DATA EXTRACTS →

lemma psd_mat_mult_eq_0_of_frob_eq_0:
  assumes S: "psd_mat n S" and X: "psd_mat n X" and zero: "frob S X = 0"
  shows "S * X = 0\<^sub>m n n"
proof -
  obtain q :: nat and V where V: "\<forall>r<n. \<forall>s<n. X $$ (r,s) = (\<Sum>t<q. V t r * V t s)"
    using psd_mat_gram[OF X] by blast
  have Sc: "S \<in> carrier_mat n n" and Xc: "X \<in> carrier_mat n n"
    using S X by (simp_all add: psd_mat_carrier)
  have "(\<Sum>t<q. bform n S (V t) (V t)) = 0"
    using zero frob_gram[OF Sc Xc V] by simp
  then have V_null: "bform n S (V t) (V t) = 0" if "t < q" for t
    using that by (subst (asm) sum_nonneg_eq_0_iff) (auto intro: psd_mat_bform_nonneg[OF S])
  show ?thesis
  proof (rule eq_matI)
    fix r s assume "r < dim_row (0\<^sub>m n n :: real mat)" "s < dim_col (0\<^sub>m n n :: real mat)"
    then have rs: "r < n" "s < n" by auto
    have "(S * X) $$ (r,s) = (\<Sum>k<n. S $$ (r,k) * (\<Sum>t<q. V t k * V t s))"
      using Sc Xc rs V by (simp add: scalar_prod_def lessThan_atLeast0)
    also have "\<dots> = (\<Sum>t<q. V t s * (\<Sum>k<n. S $$ (r,k) * V t k))"
      by (simp add: sum_distrib_left algebra_simps sum.swap[of _ "{..<n}" "{..<q}"])
    also have "\<dots> = 0" using psd_mat_mult_eq_0_of_bform_eq_0[OF S V_null rs(1)] by simp
    finally show "(S * X) $$ (r,s) = 0\<^sub>m n n $$ (r,s)" using rs by simp
  qed (use Sc Xc in auto)
qed

section \<open>Rank and kernels\<close>

lemma rank_nullity_mat:
  fixes S :: "'a :: field mat"
  assumes S: "S \<in> carrier_mat nr nc"
  shows "vec_space.rank nr S + kernel_dim S = nc"
proof -
  interpret W: vec_space "TYPE('a)" nr .
  interpret V: vec_space "TYPE('a)" nc .
  interpret K: kernel nr nc S by unfold_locales (rule S)
  interpret L: linear_map class_ring "module_vec TYPE('a) nc" "module_vec TYPE('a) nr" "\<lambda>v. S *\<^sub>v v"
    by unfold_locales
      (use S in \<open>auto simp: LinearCombinations.module_hom_def module_vec_simps class_ring_simps
         mult_add_distrib_mat_vec mult_mat_vec\<close>)
  have "L.imT = W.col_space S"
    using W.col_space_eq[OF S] S by (auto simp: L.im_def module_vec_simps)
  moreover have "L.kerT = mat_kernel S"
    using S by (auto simp: L.ker_def module_vec_simps mat_kernel_def)
  ultimately show ?thesis
    using L.rank_nullity V.fin_dim V.dim_is_n S
    unfolding W.rank_def W.col_space_def by simp
qed

lemma kernel_dim_eq_0_iff:
  fixes S :: "'a :: field mat"
  assumes S: "S \<in> carrier_mat nr nc"
  shows "kernel_dim S = 0 \<longleftrightarrow> mat_kernel S = {0\<^sub>v nc}"
proof -
  interpret K: kernel nr nc S by unfold_locales (rule S)
  obtain B where B: "finite B" "K.basis B" using kernel_basis_exists[OF S] by blast
  have "K.dim = card B" using K.Ker.dim_basis B by blast
  moreover have "0\<^sub>v nc \<notin> B"
    using K.Ker.vs_zero_lin_dep B unfolding K.Ker.basis_def by auto
  ultimately show ?thesis using B unfolding K.Ker.basis_def
    by (auto simp: K.Ker.span_empty)
qed

lemma rank_le_kernel_dim_of_mult_eq_0:
  fixes S B :: "'a :: field mat"
  assumes S: "S \<in> carrier_mat nr nc" and B: "B \<in> carrier_mat nc q" and SB: "S * B = 0\<^sub>m nr q"
  shows "vec_space.rank nc B \<le> kernel_dim S"
proof -
  interpret V: vec_space "TYPE('a)" nc .
  interpret K: kernel nr nc S by unfold_locales (rule S)
  have "V.col_space B \<subseteq> mat_kernel S"
  proof
    fix y assume "y \<in> V.col_space B"
    then obtain x where x: "x \<in> carrier_vec q" "y = B *\<^sub>v x"
      using V.col_space_eq[OF B] B by auto
    have "S *\<^sub>v y = (S * B) *\<^sub>v x" using S B x by simp
    then show "y \<in> mat_kernel S" using S B x SB by (auto intro!: mat_kernelI)
  qed
  moreover have "subspace class_ring (mat_kernel S) V.V"
    unfolding subspace_def submodule_def using V.vectorspace_axioms V.module_axioms S
    by (auto simp: mat_kernel_def module_vec_simps class_ring_simps mult_add_distrib_mat_vec mult_mat_vec)
  moreover have "subspace class_ring (V.col_space B) V.V"
    unfolding V.col_space_def by (rule V.span_is_subspace) (use B cols_dim in blast)
  ultimately have "subspace class_ring (V.col_space B) K.VK"
    using V.nested_subspaces by blast
  moreover have "K.Ker.fin_dim"
    using kernel_basis_exists[OF S] unfolding K.Ker.basis_def K.Ker.fin_dim_def by blast
  ultimately show ?thesis
    using K.Ker.subspace_dim V.fin_dim_span_cols[OF B] unfolding V.rank_def V.col_space_def
    by simp
qed

lemma rank_add_rank_le_of_mult_eq_0:
  fixes S B :: "'a :: field mat"
  assumes "S \<in> carrier_mat nr nc" "B \<in> carrier_mat nc q" "S * B = 0\<^sub>m nr q"
  shows "vec_space.rank nr S + vec_space.rank nc B \<le> nc"
  using rank_le_kernel_dim_of_mult_eq_0[OF assms] rank_nullity_mat[OF assms(1)] by simp

lemma rank_eq_dim_col_of_trivial_kernel:
  fixes Y :: "'a :: field mat"
  assumes "Y \<in> carrier_mat nr nc" "mat_kernel Y = {0\<^sub>v nc}"
  shows "vec_space.rank nr Y = nc"
  using rank_nullity_mat[OF assms(1)] kernel_dim_eq_0_iff[OF assms(1)] assms(2) by simp

lemma psd_mat_rank_add_rank_le_of_frob_eq_0:
  assumes "psd_mat n S" "psd_mat n X" "frob S X = 0"
  shows "vec_space.rank n S + vec_space.rank n X \<le> n"
  using rank_add_rank_le_of_mult_eq_0 psd_mat_mult_eq_0_of_frob_eq_0[OF assms] psd_mat_carrier assms(1,2)
  by blast

section \<open>Second-order conditions\<close>

lemma frob_sym_mult_transpose_eq_0:
  assumes S: "sym_mat n S" and Y: "Y \<in> carrier_mat n p" and SY: "S * Y = 0\<^sub>m n p"
  shows "frob S (Y * transpose_mat Y) = 0"
proof -
  have "transpose_mat S * (Y * transpose_mat Y) = (S * Y) * transpose_mat Y"
    using S Y unfolding sym_mat_def by (metis assoc_mult_mat transpose_carrier_mat)
  also have "\<dots> = 0\<^sub>m n n" unfolding SY using Y by simp
  finally show ?thesis unfolding frob_def mtrace_def by simp
qed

TASK INSTRUCTIONS → From the first line to the last, copy every record exactly.

ANSWER TO THE PROBLEM →
lemma psd_mat_mult_eq_0_of_frob_eq_0:
  assumes S: "psd_mat n S" and X: "psd_mat n X" and zero: "frob S X = 0"
  shows "S * X = 0\<^sub>m n n"
proof -
  obtain q :: nat and V where V: "\<forall>r<n. \<forall>s<n. X $$ (r,s) = (\<Sum>t<q. V t r * V t s)"
    using psd_mat_gram[OF X] by blast
  have Sc: "S \<in> carrier_mat n n" and Xc: "X \<in> carrier_mat n n"
    using S X by (simp_all add: psd_mat_carrier)
  have "(\<Sum>t<q. bform n S (V t) (V t)) = 0"
    using zero frob_gram[OF Sc Xc V] by simp
  then have V_null: "bform n S (V t) (V t) = 0" if "t < q" for t
    using that by (subst (asm) sum_nonneg_eq_0_iff) (auto intro: psd_mat_bform_nonneg[OF S])
  show ?thesis
  proof (rule eq_matI)
    fix r s assume "r < dim_row (0\<^sub>m n n :: real mat)" "s < dim_col (0\<^sub>m n n :: real mat)"
    then have rs: "r < n" "s < n" by auto
    have "(S * X) $$ (r,s) = (\<Sum>k<n. S $$ (r,k) * (\<Sum>t<q. V t k * V t s))"
      using Sc Xc rs V by (simp add: scalar_prod_def lessThan_atLeast0)
    also have "\<dots> = (\<Sum>t<q. V t s * (\<Sum>k<n. S $$ (r,k) * V t k))"
      by (simp add: sum_distrib_left algebra_simps sum.swap[of _ "{..<n}" "{..<q}"])
    also have "\<dots> = 0" using psd_mat_mult_eq_0_of_bform_eq_0[OF S V_null rs(1)] by simp
    finally show "(S * X) $$ (r,s) = 0\<^sub>m n n $$ (r,s)" using rs by simp
  qed (use Sc Xc in auto)
qed

section \<open>Rank and kernels\<close>

lemma rank_nullity_mat:
  fixes S :: "'a :: field mat"
  assumes S: "S \<in> carrier_mat nr nc"
  shows "vec_space.rank nr S + kernel_dim S = nc"
proof -
  interpret W: vec_space "TYPE('a)" nr .
  interpret V: vec_space "TYPE('a)" nc .
  interpret K: kernel nr nc S by unfold_locales (rule S)
  interpret L: linear_map class_ring "module_vec TYPE('a) nc" "module_vec TYPE('a) nr" "\<lambda>v. S *\<^sub>v v"
    by unfold_locales
      (use S in \<open>auto simp: LinearCombinations.module_hom_def module_vec_simps class_ring_simps
         mult_add_distrib_mat_vec mult_mat_vec\<close>)
  have "L.imT = W.col_space S"
    using W.col_space_eq[OF S] S by (auto simp: L.im_def module_vec_simps)
  moreover have "L.kerT = mat_kernel S"
    using S by (auto simp: L.ker_def module_vec_simps mat_kernel_def)
  ultimately show ?thesis
    using L.rank_nullity V.fin_dim V.dim_is_n S
    unfolding W.rank_def W.col_space_def by simp
qed

lemma kernel_dim_eq_0_iff:
  fixes S :: "'a :: field mat"
  assumes S: "S \<in> carrier_mat nr nc"
  shows "kernel_dim S = 0 \<longleftrightarrow> mat_kernel S = {0\<^sub>v nc}"
proof -
  interpret K: kernel nr nc S by unfold_locales (rule S)
  obtain B where B: "finite B" "K.basis B" using kernel_basis_exists[OF S] by blast
  have "K.dim = card B" using K.Ker.dim_basis B by blast
  moreover have "0\<^sub>v nc \<notin> B"
    using K.Ker.vs_zero_lin_dep B unfolding K.Ker.basis_def by auto
  ultimately show ?thesis using B unfolding K.Ker.basis_def
    by (auto simp: K.Ker.span_empty)
qed

lemma rank_le_kernel_dim_of_mult_eq_0:
  fixes S B :: "'a :: field mat"
  assumes S: "S \<in> carrier_mat nr nc" and B: "B \<in> carrier_mat nc q" and SB: "S * B = 0\<^sub>m nr q"
  shows "vec_space.rank nc B \<le> kernel_dim S"
proof -
  interpret V: vec_space "TYPE('a)" nc .
  interpret K: kernel nr nc S by unfold_locales (rule S)
  have "V.col_space B \<subseteq> mat_kernel S"
  proof
    fix y assume "y \<in> V.col_space B"
    then obtain x where x: "x \<in> carrier_vec q" "y = B *\<^sub>v x"
      using V.col_space_eq[OF B] B by auto
    have "S *\<^sub>v y = (S * B) *\<^sub>v x" using S B x by simp
    then show "y \<in> mat_kernel S" using S B x SB by (auto intro!: mat_kernelI)
  qed
  moreover have "subspace class_ring (mat_kernel S) V.V"
    unfolding subspace_def submodule_def using V.vectorspace_axioms V.module_axioms S
    by (auto simp: mat_kernel_def module_vec_simps class_ring_simps mult_add_distrib_mat_vec mult_mat_vec)
  moreover have "subspace class_ring (V.col_space B) V.V"
    unfolding V.col_space_def by (rule V.span_is_subspace) (use B cols_dim in blast)
  ultimately have "subspace class_ring (V.col_space B) K.VK"
    using V.nested_subspaces by blast
  moreover have "K.Ker.fin_dim"
    using kernel_basis_exists[OF S] unfolding K.Ker.basis_def K.Ker.fin_dim_def by blast
  ultimately show ?thesis
    using K.Ker.subspace_dim V.fin_dim_span_cols[OF B] unfolding V.rank_def V.col_space_def
    by simp
qed

lemma rank_add_rank_le_of_mult_eq_0:
  fixes S B :: "'a :: field mat"
  assumes "S \<in> carrier_mat nr nc" "B \<in> carrier_mat nc q" "S * B = 0\<^sub>m nr q"
  shows "vec_space.rank nr S + vec_space.rank nc B \<le> nc"
  using rank_le_kernel_dim_of_mult_eq_0[OF assms] rank_nullity_mat[OF assms(1)] by simp

lemma rank_eq_dim_col_of_trivial_kernel:
  fixes Y :: "'a :: field mat"
  assumes "Y \<in> carrier_mat nr nc" "mat_kernel Y = {0\<^sub>v nc}"
  shows "vec_space.rank nr Y = nc"
  using rank_nullity_mat[OF assms(1)] kernel_dim_eq_0_iff[OF assms(1)] assms(2) by simp

lemma psd_mat_rank_add_rank_le_of_frob_eq_0:
  assumes "psd_mat n S" "psd_mat n X" "frob S X = 0"
  shows "vec_space.rank n S + vec_space.rank n X \<le> n"
  using rank_add_rank_le_of_mult_eq_0 psd_mat_mult_eq_0_of_frob_eq_0[OF assms] psd_mat_carrier assms(1,2)
  by blast

section \<open>Second-order conditions\<close>

lemma frob_sym_mult_transpose_eq_0:
  assumes S: "sym_mat n S" and Y: "Y \<in> carrier_mat n p" and SY: "S * Y = 0\<^sub>m n p"
  shows "frob S (Y * transpose_mat Y) = 0"
proof -
  have "transpose_mat S * (Y * transpose_mat Y) = (S * Y) * transpose_mat Y"
    using S Y unfolding sym_mat_def by (metis assoc_mult_mat transpose_carrier_mat)
  also have "\<dots> = 0\<^sub>m n n" unfolding SY using Y by simp
  finally show ?thesis unfolding frob_def mtrace_def by simp
qed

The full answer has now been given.